Quelles aides pour les apprentis en 2026 ? Le guide complet
Les aides pour les apprentis sont nombreuses en 2026, mais beaucoup de jeunes passent à côté faute d’information. Des dispositifs existent pour aider les personnes en contrat d’alternance dans leur quotidien.
Pourtant, ces aides sont souvent méconnues, voire inexploitées. APL, MOBILI-JEUNE, prime d’équipement, aides régionales… chaque situation ouvre droit à des coups de pouce financiers cumulables entre eux.
Dans ce guide complet, votre Mission Locale DynamJeunes de Saint-Germain-en-Laye passe en revue les cinq grandes catégories d’aides disponibles : logement, transport, équipement, aides régionales, aides spécifiques, et conseils pour les cumuler efficacement.
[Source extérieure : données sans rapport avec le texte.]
lemma spins_square: "\<tau> \<in> spins K \<Longrightarrow> k < K \<Longrightarrow> \<tau> k * \<tau> k = 1"
  using spins_cases by fastforce

lemma finite_spins[simp]: "finite (spins K)"
  unfolding spins_def by (auto intro!: finite_PiE)

lemma ones_in_spins: "(\<lambda>k\<in>{..<K}. 1) \<in> spins K"
  unfolding spins_def by auto

lemma spin_mult_apply: "k < K \<Longrightarrow> spin_mult K x y k = x k * y k"
  by (simp add: spin_mult_def)

lemma spin_mult_commute: "spin_mult K x y = spin_mult K y x"
  by (auto simp: spin_mult_def fun_eq_iff mult.commute)

lemma spin_mult_in_spins:
  assumes "x \<in> spins K" "y \<in> spins K"
  shows "spin_mult K x y \<in> spins K"
proof -
  have "x k * y k \<in> {-1, 1}" if "k < K" for k
    using spins_cases[OF assms(1) that] spins_cases[OF assms(2) that] by auto
  then show ?thesis by (simp add: spins_def spin_mult_def PiE_iff)
qed

lemma spin_mult_cancel: "\<tau> \<in> spins K \<Longrightarrow> x \<in> spins K \<Longrightarrow> spin_mult K \<tau> (spin_mult K \<tau> x) = x"
  using spins_square[of \<tau> K]
  by (auto simp: spin_mult_def fun_eq_iff spins_def PiE_def extensional_def mult.assoc[symmetric])

lemma spin_mult_cancel_right: "\<tau> \<in> spins K \<Longrightarrow> x \<in> spins K \<Longrightarrow> spin_mult K (spin_mult K \<tau> x) \<tau> = x"
  by (simp add: spin_mult_commute[of K "spin_mult K \<tau> x"] spin_mult_cancel)

lemma spin_mult_gauge: "\<tau> \<in> spins K \<Longrightarrow> spin_mult K (spin_mult K \<tau> x) (spin_mult K \<tau> y) = spin_mult K x y"
  using spins_square[of \<tau> K] by (auto simp: spin_mult_def fun_eq_iff algebra_simps)

lemma bij_betw_spin_mult: "\<tau> \<in> spins K \<Longrightarrow> bij_betw (spin_mult K \<tau>) (spins K) (spins K)"
  by (rule bij_betwI[where g="spin_mult K \<tau>"]) (auto simp: spin_mult_in_spins spin_mult_cancel)
lemma objective_restricted_le_opt:
  assumes A: "is_struct A" and C: "is_struct C" and sig: "same_sig C A" and h: "h \<in> sdom A \<rightarrow>\<^sub>E sdom C"
  shows "(\<Sum>f\<in>syms A. \<Sum>xs\<in>tuples (sdom A) (ar A f).
      if P f xs then real_of_rat (sfn A f xs * sfn C f (map h xs)) else 0) \<le> opt A C"
proof -
  have "(\<Sum>f\<in>syms A. \<Sum>xs\<in>tuples (sdom A) (ar A f).
      if P f xs then real_of_rat (sfn A f xs * sfn C f (map h xs)) else 0) \<le> objective A C h"
    unfolding objective_def using objective_term_nonneg[OF A C sig _ _ h] by (intro sum_mono) auto
  also have "\<dots> \<le> opt A C"
    using A C h by (intro objective_le_opt) (auto simp: is_struct_def)
  finally show ?thesis .
qed

lemma ln_dist_le:
  fixes a b \<epsilon> :: real
  assumes a: "0 \<le> a" and \<epsilon>: "0 < \<epsilon>" and ab: "b \<le> (1 + \<epsilon>) * a" and ba: "a \<le> (1 + \<epsilon>) * b"
  shows "ln_dist a b \<le> ereal \<epsilon>"
proof (cases "a = 0")
  case True
  have "b \<le> 0" using ab True by simp
  moreover have "0 \<le> b" using ba True \<epsilon> by (simp add: zero_le_mult_iff)
  ultimately have "b = 0" by simp
  then show ?thesis using True \<epsilon> by (simp add: ln_dist_def)
next
  case False
  then have a: "0 < a" using a by simp
  have b: "0 < b"
  proof (rule ccontr)
    assume "\<not> 0 < b"
    then have "(1 + \<epsilon>) * b \<le> 0" using \<epsilon> by (simp add: mult_nonneg_nonpos)
    then show False using ba a by simp
  qed
  have "ln b \<le> ln ((1 + \<epsilon>) * a)" "ln a \<le> ln ((1 + \<epsilon>) * b)"
    using ab ba a b \<epsilon> by simp_all
  then have "ln b \<le> ln (1 + \<epsilon>) + ln a" "ln a \<le> ln (1 + \<epsilon>) + ln b"
    using a b \<epsilon> by (simp_all add: ln_mult)
  moreover have "ln (1 + \<epsilon>) \<le> \<epsilon>" using \<epsilon> by (intro ln_add_one_self_le_self) simp
  ultimately have "\<bar>ln a - ln b\<bar> \<le> \<epsilon>" by linarith
  then show ?thesis using a b by (simp add: ln_dist_def)
qed

lemma d_opt_le:
  assumes A: "is_struct A" and \<epsilon>: "0 < \<epsilon>"
    and bounds: "\<And>C. is_struct C \<Longrightarrow> same_sig C A \<Longrightarrow>
      opt B C \<le> (1 + \<epsilon>) * opt A C \<and> opt A C \<le> (1 + \<epsilon>) * opt B C"
  shows "d_opt A B \<le> ereal \<epsilon>"
  unfolding d_opt_def
proof (rule Sup_least)
  fix x assume "x \<in> {ln_dist (opt A C) (opt B C) |C. is_struct C \<and> same_sig C A}"
  then obtain C where x: "x = ln_dist (opt A C) (opt B C)" and C: "is_struct C" "same_sig C A"
    by blast
  then have "opt B C \<le> (1 + \<epsilon>) * opt A C" "opt A C \<le> (1 + \<epsilon>) * opt B C"
    using bounds by auto
  then show "x \<le> ereal \<epsilon>" unfolding x by (rule ln_dist_le[OF opt_nonneg[OF A C] \<epsilon>])
qed

section \<open>Weighted disjoint unions of vertex deletions\<close>

definition tag :: "nat \<Rightarrow> nat \<Rightarrow> nat" where
  "tag i v = prod_encode (i, v)"

text \<open>A tuple meeting \<open>X\<close> without lying inside it is kept in the copy of \<open>A - X\<close>, with its
  entries in \<open>X\<close> replaced by an entry outside \<open>X\<close> and with a small weight \<open>d\<close>. This makes the
  Gaifman graph of the copy equal to \<open>G\<^sub>A - X\<close> rather than a subgraph of it (\<open>p\<close> need not be
  monotone under subgraphs), while \<open>opt\<close> grows by a factor of at most \<open>1 + d * num_tuples A\<close>.\<close>

definition collapse :: "nat set \<Rightarrow> nat list \<Rightarrow> nat list" where
  "collapse X xs = map (\<lambda>x. if x \<in> X then hd (filter (\<lambda>y. y \<notin> X) xs) else x) xs"

definition kept_tuples :: "nat set \<Rightarrow> nat set \<Rightarrow> nat \<Rightarrow> nat list set" where
  "kept_tuples V X m = {xs \<in> tuples V m. set xs \<inter> X = {} \<or> \<not> set xs \<subseteq> X}"

definition copy_tuple :: "nat \<Rightarrow> nat set \<Rightarrow> nat list \<Rightarrow> nat list" where
  "copy_tuple i X xs = map (tag i) (collapse X xs)"

definition copy_weight :: "rat \<Rightarrow> nat set \<Rightarrow> nat list \<Rightarrow> rat" where
  "copy_weight d X xs = (if set xs \<inter> X = {} then 1 else d)"

definition deletion_mixture ::
    "'s vstruct \<Rightarrow> nat \<Rightarrow> (nat \<Rightarrow> nat set) \<Rightarrow> (nat \<Rightarrow> rat) \<Rightarrow> rat \<Rightarrow> 's vstruct" where
  "deletion_mixture A n X c d =
     \<lparr>syms = syms A, ar = ar A, sdom = (\<Union>i<n. tag i ` (sdom A - X i)),
      sfn = (\<lambda>f ys. \<Sum>i<n. \<Sum>xs \<in> {xs \<in> kept_tuples (sdom A) (X i) (ar A f). copy_tuple i (X i) xs = ys}.
               c i * copy_weight d (X i) xs * sfn A f xs)\<rparr>"

definition num_tuples :: "'s vstruct \<Rightarrow> nat" where
  "num_tuples A = (\<Sum>f\<in>syms A. card (tuples (sdom A) (ar A f)))"

definition collapsed_objective :: "'s vstruct \<Rightarrow> 's vstruct \<Rightarrow> rat \<Rightarrow> nat set \<Rightarrow> (nat \<Rightarrow> nat) \<Rightarrow> real" where
  "collapsed_objective A C d X g = (\<Sum>f\<in>syms A. \<Sum>xs\<in>kept_tuples (sdom A) X (ar A f).
      real_of_rat (copy_weight d X xs * sfn A f xs * sfn C f (map g (collapse X xs))))"

lemma tag_eq_iff [simp]: "tag i u = tag j v \<longleftrightarrow> i = j \<and> u = v"
  by (simp add: tag_def)

lemma kept_tuples_subset: "kept_tuples V X m \<subseteq> tuples V m"
  unfolding kept_tuples_def by blast

lemma finite_kept_tuples: "finite V \<Longrightarrow> finite (kept_tuples V X m)"
  using finite_subset[OF kept_tuples_subset finite_tuples] .

lemma collapse_disjoint: "set xs \<inter> X = {} \<Longrightarrow> collapse X xs = xs"
  unfolding collapse_def by (rule map_idI) auto

lemma collapse_eq_map:
  assumes "\<not> set xs \<subseteq> X"
  obtains u where "u \<in> set xs" "u \<notin> X" "collapse X xs = map (\<lambda>x. if x \<in> X then u else x) xs"
proof -
  define u where "u = hd (filter (\<lambda>y. y \<notin> X) xs)"
  have "filter (\<lambda>y. y \<notin> X) xs \<noteq> []" using assms by (auto simp: filter_empty_conv)
  then have "u \<in> set (filter (\<lambda>y. y \<notin> X) xs)" unfolding u_def by (rule hd_in_set)
  then show ?thesis by (intro that[of u]) (auto simp: collapse_def u_def)
qed
(* For $k\in\mathbb{N}\cup\{0\}$ let $W_k,Z_k$ be Banach spaces such that (i) $Z_k$ is compactly embedded in $W_k$, and (ii) for each $\varepsilon>0$, $\kappa_\varepsilon=\sup_{k\ge0}\mathcal{N}_\varepsilon(B_{Z_k},W_k)<\infty$. Let $\mathcal{B}_k\subset W_k$ be sets and $U^k:\mathcal{B}_k\to\mathcal{B}_{k-1}$ ($k\ge1$) maps such that (iii) each $\mathcal{B}_k$ is compact in $W_k$; (iv) $\sup_{k\ge0}\|\mathcal{B}_k\|_{W_k}=Q_1<\infty$; (v) $U^k(\mathcal{B}_k)=\mathcal{B}_{k-1}$; (vi) there is a decomposition $U^k(z)=P^k(z)+N^k(z)$ and constants $0<\varrho<\frac14$, $Q_2>0$ such that for all $z^1,z^2\in\mathcal{B}_k$, $$\|P^k(z^1)-P^k(z^2)\|_{W_{k-1}}\le\varrho\|z^1-z^2\|_{W_k},\qquad \|N^k(z^1)-N^k(z^2)\|_{Z_{k-1}}\le Q_2\|z^1-z^2\|_{W_k}.$$ Then $$\dim_{W_0}\mathcal{B}_0\le\frac{\log_2\kappa_{\varrho Q_2^{-1}}}{\log_2\frac{1}{4\varrho}}.$$
   Context: For a Banach space $W$, $B_W$ denotes its closed unit ball and $B_W(\varepsilon,x)=x+\varepsilon B_W$. For $K\subset W$ (relatively) compact, $\mathcal{N}_\varepsilon(K,W)$ is the minimal number of $\varepsilon$-balls of $W$ covering $K$; here $B_{Z_k}$ is regarded as a subset of $W_k$. The fractal dimension of a compact $K\subset W$ is $\dim_WK=\limsup_{\varepsilon\to0^+}\frac{\log\mathcal{N}_\varepsilon(K,W)}{\log(1/\varepsilon)}$. $\|D\|_W=\sup_{z\in D}\|z\|_W$. In (vi), $P^k,N^k$ map $\mathcal{B}_k$ into $W_{k-1}$, and the differences $N^k(z^1)-N^k(z^2)$ lie in $Z_{k-1}$. *)

theory Defs
  imports "HOL-Analysis.Analysis"
begin
theorem mainTheorem16:
  fixes \<Gamma> :: qz_structure
  assumes "wf_structure \<Gamma>"
    and "fo_definable_structure \<Gamma>"
    and "(2, suc_rel) \<in> \<Gamma>"
  shows "((\<forall>(n, R) \<in> \<Gamma>. \<forall>D. dnf_defines n D R \<and> reduced_dnf D \<longrightarrow> positive_dnf D)
           \<longleftrightarrow> (\<exists>e a b. endomorphism \<Gamma> e \<and> fst a \<noteq> fst b \<and> fst (e a) = fst (e b)))
       \<and> ((\<exists>e a b. endomorphism \<Gamma> e \<and> fst a \<noteq> fst b \<and> fst (e a) = fst (e b))
           \<longleftrightarrow> \<not> (\<exists>S. pp_definable (snd ` \<Gamma>) 2 S \<and> nontrivial_binary S
                      \<and> distance_degree S = \<infinity>))"
proof -
  let ?P1 = "\<forall>(n, R) \<in> \<Gamma>. \<forall>D. dnf_defines n D R \<and> reduced_dnf D \<longrightarrow> positive_dnf D"
  let ?P2 = "\<exists>e a b. endomorphism \<Gamma> e \<and> fst a \<noteq> fst b \<and> fst (e a) = fst (e b)"
  let ?P3 = "\<not> (\<exists>S. pp_definable (snd ` \<Gamma>) 2 S \<and> nontrivial_binary S \<and> distance_degree S = \<infinity>)"
  have "?P1 \<Longrightarrow> ?P2"
    using endomorphism_collapse[OF assms(2)]
    by (intro exI[of _ collapse] exI[of _ "(0, 0)"] exI[of _ "(1, 0)"]) (simp add: collapse_def)
  moreover have "?P2 \<Longrightarrow> ?P3"
    using collapsing_endomorphism_imp_finite_distance_degree[OF assms(3)] by blast
  moreover have "?P3 \<Longrightarrow> ?P1"
    using nonpositive_reduced_dnf_imp_infinite_nontrivial[OF assms(3)] by blast
  ultimately show ?thesis
    by blast
qed

end
(* For each $n\ge1$ let $X_n$ be a stationary and isotropic Poisson hyperplane process in $\mathbb{R}^n$ with intensity $\gamma_n$, let $Z_{0,n}$ be the zero cell of the induced tessellation, and for fixed $\delta>0$ let $Y_{n,\delta}$ be a uniformly distributed random point on the sphere of radius $\delta$ centered at the origin in $\mathbb{R}^n$, independent of $X_n$. Assume $\gamma_n\sim\rho n^\alpha$ as $n\to\infty$ for some $\rho>0$ and $\alpha\in\mathbb{R}$. Then $$\lim_{n\to\infty}\mathbb{P}(Y_{n,\delta}\in Z_{0,n})=\begin{cases}0,&\alpha>\tfrac12,\\ e^{-\sqrt{2/\pi}\,\rho\delta},&\alpha=\tfrac12,\\ 1,&\alpha<\tfrac12.\end{cases}$$
   Context: A stationary and isotropic Poisson hyperplane process of intensity $\gamma$ in $\mathbb{R}^n$ is the Poisson process on the space of affine hyperplanes $H(u,\tau)=\{x:\langle x,u\rangle=\tau\}$ with intensity measure $\Theta(A)=2\gamma\int_{S^{n-1}}\int_0^\infty 1\{H(u,\tau)\in A\}\,d\tau\,\sigma(du)$, $\sigma$ the normalized spherical Lebesgue measure. The zero cell $Z_{0,n}$ is the (closed) cell of the induced tessellation containing the origin. *)

theory Defs
  imports "HOL-Probability.Probability" "HOL-Library.Landau_Symbols"
begin

text \<open>Euclidean n-space, with n varying, is represented by extensional functions
  on the index set {..<n}, carrying the product Lebesgue measure.\<close>

definition lebesgue_n :: "nat \<Rightarrow> (nat \<Rightarrow> real) measure" where
  "lebesgue_n n = PiM {..<n} (\<lambda>_. lborel)"

definition inner_n :: "nat \<Rightarrow> (nat \<Rightarrow> real) \<Rightarrow> (nat \<Rightarrow> real) \<Rightarrow> real" where
  "inner_n n x y = (\<Sum>i<n. x i * y i)"

definition norm_n :: "nat \<Rightarrow> (nat \<Rightarrow> real) \<Rightarrow> real" where
  "norm_n n x = sqrt (\<Sum>i<n. (x i)\<^sup>2)"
1. Les aides au logement pour les apprentis
Se loger près de son entreprise ou de son CFA représente souvent le poste de dépense le plus lourd pour un apprenti. Plusieurs dispositifs permettent d’alléger cette charge significativement.
L’APL et l’ALS : réduire son loyer grâce à la CAF
L’aide personnalisée au logement (APL) et l’allocation de logement social (ALS) sont versées par la CAF. Pour en bénéficier, l’apprenti doit être locataire ou colocataire d’un logement conventionné dont le bail est à son nom, et y résider à titre principal. Le montant est calculé trimestriellement selon les revenus des 12 derniers mois. Même avec un salaire modeste, vous pouvez y avoir droit.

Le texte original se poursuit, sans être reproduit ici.